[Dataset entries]
▶
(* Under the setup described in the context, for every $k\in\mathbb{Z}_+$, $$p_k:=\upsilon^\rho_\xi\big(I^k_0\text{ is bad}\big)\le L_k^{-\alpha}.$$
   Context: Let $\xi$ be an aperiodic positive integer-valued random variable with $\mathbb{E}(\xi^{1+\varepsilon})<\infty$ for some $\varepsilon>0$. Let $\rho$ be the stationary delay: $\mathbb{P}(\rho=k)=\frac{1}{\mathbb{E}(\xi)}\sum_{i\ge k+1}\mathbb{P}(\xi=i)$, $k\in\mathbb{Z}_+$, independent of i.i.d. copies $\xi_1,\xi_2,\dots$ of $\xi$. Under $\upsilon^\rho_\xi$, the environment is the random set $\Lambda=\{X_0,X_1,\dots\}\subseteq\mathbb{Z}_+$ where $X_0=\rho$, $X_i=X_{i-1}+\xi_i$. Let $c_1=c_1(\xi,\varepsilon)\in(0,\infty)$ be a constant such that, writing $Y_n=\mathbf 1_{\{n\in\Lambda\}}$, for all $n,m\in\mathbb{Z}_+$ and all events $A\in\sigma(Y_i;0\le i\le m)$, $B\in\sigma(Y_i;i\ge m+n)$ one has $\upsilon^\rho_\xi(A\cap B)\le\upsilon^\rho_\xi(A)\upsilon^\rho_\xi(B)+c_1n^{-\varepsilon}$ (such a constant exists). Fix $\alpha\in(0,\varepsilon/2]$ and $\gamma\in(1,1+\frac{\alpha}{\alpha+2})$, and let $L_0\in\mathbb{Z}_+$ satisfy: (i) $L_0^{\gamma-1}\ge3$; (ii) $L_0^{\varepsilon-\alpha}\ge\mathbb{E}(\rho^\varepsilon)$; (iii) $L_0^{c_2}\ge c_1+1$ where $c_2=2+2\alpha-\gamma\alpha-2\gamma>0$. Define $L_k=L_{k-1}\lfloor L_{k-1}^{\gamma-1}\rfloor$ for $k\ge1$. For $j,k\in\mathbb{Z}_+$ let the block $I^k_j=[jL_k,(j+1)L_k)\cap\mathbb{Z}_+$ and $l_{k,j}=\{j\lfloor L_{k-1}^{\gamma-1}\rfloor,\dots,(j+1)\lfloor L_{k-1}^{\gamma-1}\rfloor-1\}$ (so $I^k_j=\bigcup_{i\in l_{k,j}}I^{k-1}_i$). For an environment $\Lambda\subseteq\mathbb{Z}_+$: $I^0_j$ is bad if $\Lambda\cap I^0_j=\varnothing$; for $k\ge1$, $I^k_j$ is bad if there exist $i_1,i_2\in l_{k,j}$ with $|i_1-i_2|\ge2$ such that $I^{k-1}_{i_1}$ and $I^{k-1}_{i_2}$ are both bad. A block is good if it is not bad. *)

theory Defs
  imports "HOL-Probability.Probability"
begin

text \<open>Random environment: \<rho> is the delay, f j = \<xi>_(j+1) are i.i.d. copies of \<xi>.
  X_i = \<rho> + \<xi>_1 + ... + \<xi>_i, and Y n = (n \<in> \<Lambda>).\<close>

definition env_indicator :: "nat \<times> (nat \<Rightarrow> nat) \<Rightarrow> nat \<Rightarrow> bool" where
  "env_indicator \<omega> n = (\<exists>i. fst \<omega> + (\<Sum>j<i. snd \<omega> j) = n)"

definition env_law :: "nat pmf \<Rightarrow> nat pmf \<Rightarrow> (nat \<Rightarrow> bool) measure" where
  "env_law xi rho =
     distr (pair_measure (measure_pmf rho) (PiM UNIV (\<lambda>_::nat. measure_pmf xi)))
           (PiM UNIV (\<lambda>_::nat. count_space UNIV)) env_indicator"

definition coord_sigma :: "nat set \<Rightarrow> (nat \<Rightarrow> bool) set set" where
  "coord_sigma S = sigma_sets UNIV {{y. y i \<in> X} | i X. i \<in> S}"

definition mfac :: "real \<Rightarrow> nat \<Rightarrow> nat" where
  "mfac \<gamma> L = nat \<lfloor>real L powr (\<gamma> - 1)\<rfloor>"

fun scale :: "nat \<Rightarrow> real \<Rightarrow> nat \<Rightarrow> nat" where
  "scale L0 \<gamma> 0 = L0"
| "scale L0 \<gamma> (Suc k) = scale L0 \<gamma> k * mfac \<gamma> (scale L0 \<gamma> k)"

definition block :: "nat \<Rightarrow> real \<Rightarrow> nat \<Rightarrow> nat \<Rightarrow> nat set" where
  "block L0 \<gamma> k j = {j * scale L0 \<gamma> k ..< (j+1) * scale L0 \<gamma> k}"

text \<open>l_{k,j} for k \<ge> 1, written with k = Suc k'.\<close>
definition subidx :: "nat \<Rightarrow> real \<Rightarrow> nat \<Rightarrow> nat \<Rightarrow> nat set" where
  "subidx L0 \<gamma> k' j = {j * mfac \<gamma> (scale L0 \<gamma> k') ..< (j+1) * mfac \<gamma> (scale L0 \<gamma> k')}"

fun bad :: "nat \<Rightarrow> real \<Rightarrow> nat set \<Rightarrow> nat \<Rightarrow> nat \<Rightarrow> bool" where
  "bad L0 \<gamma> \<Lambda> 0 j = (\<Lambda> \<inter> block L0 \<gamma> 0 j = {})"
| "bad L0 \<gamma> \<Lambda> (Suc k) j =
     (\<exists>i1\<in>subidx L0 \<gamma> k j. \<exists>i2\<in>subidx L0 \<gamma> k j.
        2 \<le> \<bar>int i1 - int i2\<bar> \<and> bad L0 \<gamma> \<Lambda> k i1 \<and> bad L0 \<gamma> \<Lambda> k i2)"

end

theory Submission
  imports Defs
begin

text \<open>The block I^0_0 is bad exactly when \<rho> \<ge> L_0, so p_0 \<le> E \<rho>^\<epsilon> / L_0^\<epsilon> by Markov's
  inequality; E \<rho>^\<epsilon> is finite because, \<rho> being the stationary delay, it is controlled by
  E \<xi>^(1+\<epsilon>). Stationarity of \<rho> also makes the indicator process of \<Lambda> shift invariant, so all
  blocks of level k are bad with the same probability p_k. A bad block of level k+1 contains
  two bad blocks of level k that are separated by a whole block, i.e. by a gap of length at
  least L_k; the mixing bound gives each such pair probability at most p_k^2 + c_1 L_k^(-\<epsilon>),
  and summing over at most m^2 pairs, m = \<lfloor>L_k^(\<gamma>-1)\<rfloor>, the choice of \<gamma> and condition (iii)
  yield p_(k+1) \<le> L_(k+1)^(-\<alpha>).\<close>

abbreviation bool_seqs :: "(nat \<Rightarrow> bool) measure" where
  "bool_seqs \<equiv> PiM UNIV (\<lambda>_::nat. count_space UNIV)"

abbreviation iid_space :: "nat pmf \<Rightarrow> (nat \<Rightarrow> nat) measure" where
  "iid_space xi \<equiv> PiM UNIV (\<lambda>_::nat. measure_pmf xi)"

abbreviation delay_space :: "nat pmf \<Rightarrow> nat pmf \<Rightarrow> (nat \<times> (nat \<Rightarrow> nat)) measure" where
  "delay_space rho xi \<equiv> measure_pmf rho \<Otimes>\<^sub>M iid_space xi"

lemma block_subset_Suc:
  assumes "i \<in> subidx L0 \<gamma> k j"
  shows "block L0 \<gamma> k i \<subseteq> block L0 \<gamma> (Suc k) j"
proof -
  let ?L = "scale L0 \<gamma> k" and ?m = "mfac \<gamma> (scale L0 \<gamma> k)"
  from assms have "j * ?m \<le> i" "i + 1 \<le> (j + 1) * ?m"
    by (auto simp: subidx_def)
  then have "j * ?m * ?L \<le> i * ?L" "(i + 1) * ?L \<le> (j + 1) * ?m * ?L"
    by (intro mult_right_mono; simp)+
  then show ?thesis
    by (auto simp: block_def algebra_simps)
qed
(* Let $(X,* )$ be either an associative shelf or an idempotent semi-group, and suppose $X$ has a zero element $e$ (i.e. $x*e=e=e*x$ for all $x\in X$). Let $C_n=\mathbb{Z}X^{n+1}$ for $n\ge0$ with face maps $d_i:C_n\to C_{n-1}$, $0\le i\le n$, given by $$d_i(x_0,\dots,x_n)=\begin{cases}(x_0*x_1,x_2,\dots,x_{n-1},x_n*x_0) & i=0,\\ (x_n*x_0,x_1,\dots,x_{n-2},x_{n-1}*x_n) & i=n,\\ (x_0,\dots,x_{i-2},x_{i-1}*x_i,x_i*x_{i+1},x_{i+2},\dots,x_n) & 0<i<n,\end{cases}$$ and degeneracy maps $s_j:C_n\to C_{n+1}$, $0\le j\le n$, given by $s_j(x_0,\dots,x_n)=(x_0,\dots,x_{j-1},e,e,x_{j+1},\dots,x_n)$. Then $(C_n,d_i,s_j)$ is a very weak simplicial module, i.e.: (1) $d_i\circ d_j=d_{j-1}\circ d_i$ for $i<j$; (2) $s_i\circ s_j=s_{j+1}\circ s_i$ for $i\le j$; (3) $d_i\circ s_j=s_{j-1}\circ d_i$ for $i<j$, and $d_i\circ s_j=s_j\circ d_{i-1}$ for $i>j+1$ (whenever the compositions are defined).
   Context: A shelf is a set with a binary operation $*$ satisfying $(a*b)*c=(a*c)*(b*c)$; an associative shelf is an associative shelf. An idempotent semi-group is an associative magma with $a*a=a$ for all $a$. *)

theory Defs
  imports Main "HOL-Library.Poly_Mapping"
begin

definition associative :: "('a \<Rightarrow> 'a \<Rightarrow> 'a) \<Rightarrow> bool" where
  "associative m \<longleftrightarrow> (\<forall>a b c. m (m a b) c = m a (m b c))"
◀
Once you find the line with "(PiM UNIV (\<lambda>_::nat. count_space" in the entries above, output it and each line after it up to and including the line with "(j+1) * mfac", and nothing else.

▶ _SOLUTION TO THE EXERCISE_:
           (PiM UNIV (\<lambda>_::nat. count_space UNIV)) env_indicator"

definition coord_sigma :: "nat set \<Rightarrow> (nat \<Rightarrow> bool) set set" where
  "coord_sigma S = sigma_sets UNIV {{y. y i \<in> X} | i X. i \<in> S}"

definition mfac :: "real \<Rightarrow> nat \<Rightarrow> nat" where
  "mfac \<gamma> L = nat \<lfloor>real L powr (\<gamma> - 1)\<rfloor>"

fun scale :: "nat \<Rightarrow> real \<Rightarrow> nat \<Rightarrow> nat" where
  "scale L0 \<gamma> 0 = L0"
| "scale L0 \<gamma> (Suc k) = scale L0 \<gamma> k * mfac \<gamma> (scale L0 \<gamma> k)"

definition block :: "nat \<Rightarrow> real \<Rightarrow> nat \<Rightarrow> nat \<Rightarrow> nat set" where
  "block L0 \<gamma> k j = {j * scale L0 \<gamma> k ..< (j+1) * scale L0 \<gamma> k}"

text \<open>l_{k,j} for k \<ge> 1, written with k = Suc k'.\<close>
definition subidx :: "nat \<Rightarrow> real \<Rightarrow> nat \<Rightarrow> nat \<Rightarrow> nat set" where
  "subidx L0 \<gamma> k' j = {j * mfac \<gamma> (scale L0 \<gamma> k') ..< (j+1) * mfac \<gamma> (scale L0 \<gamma> k')}"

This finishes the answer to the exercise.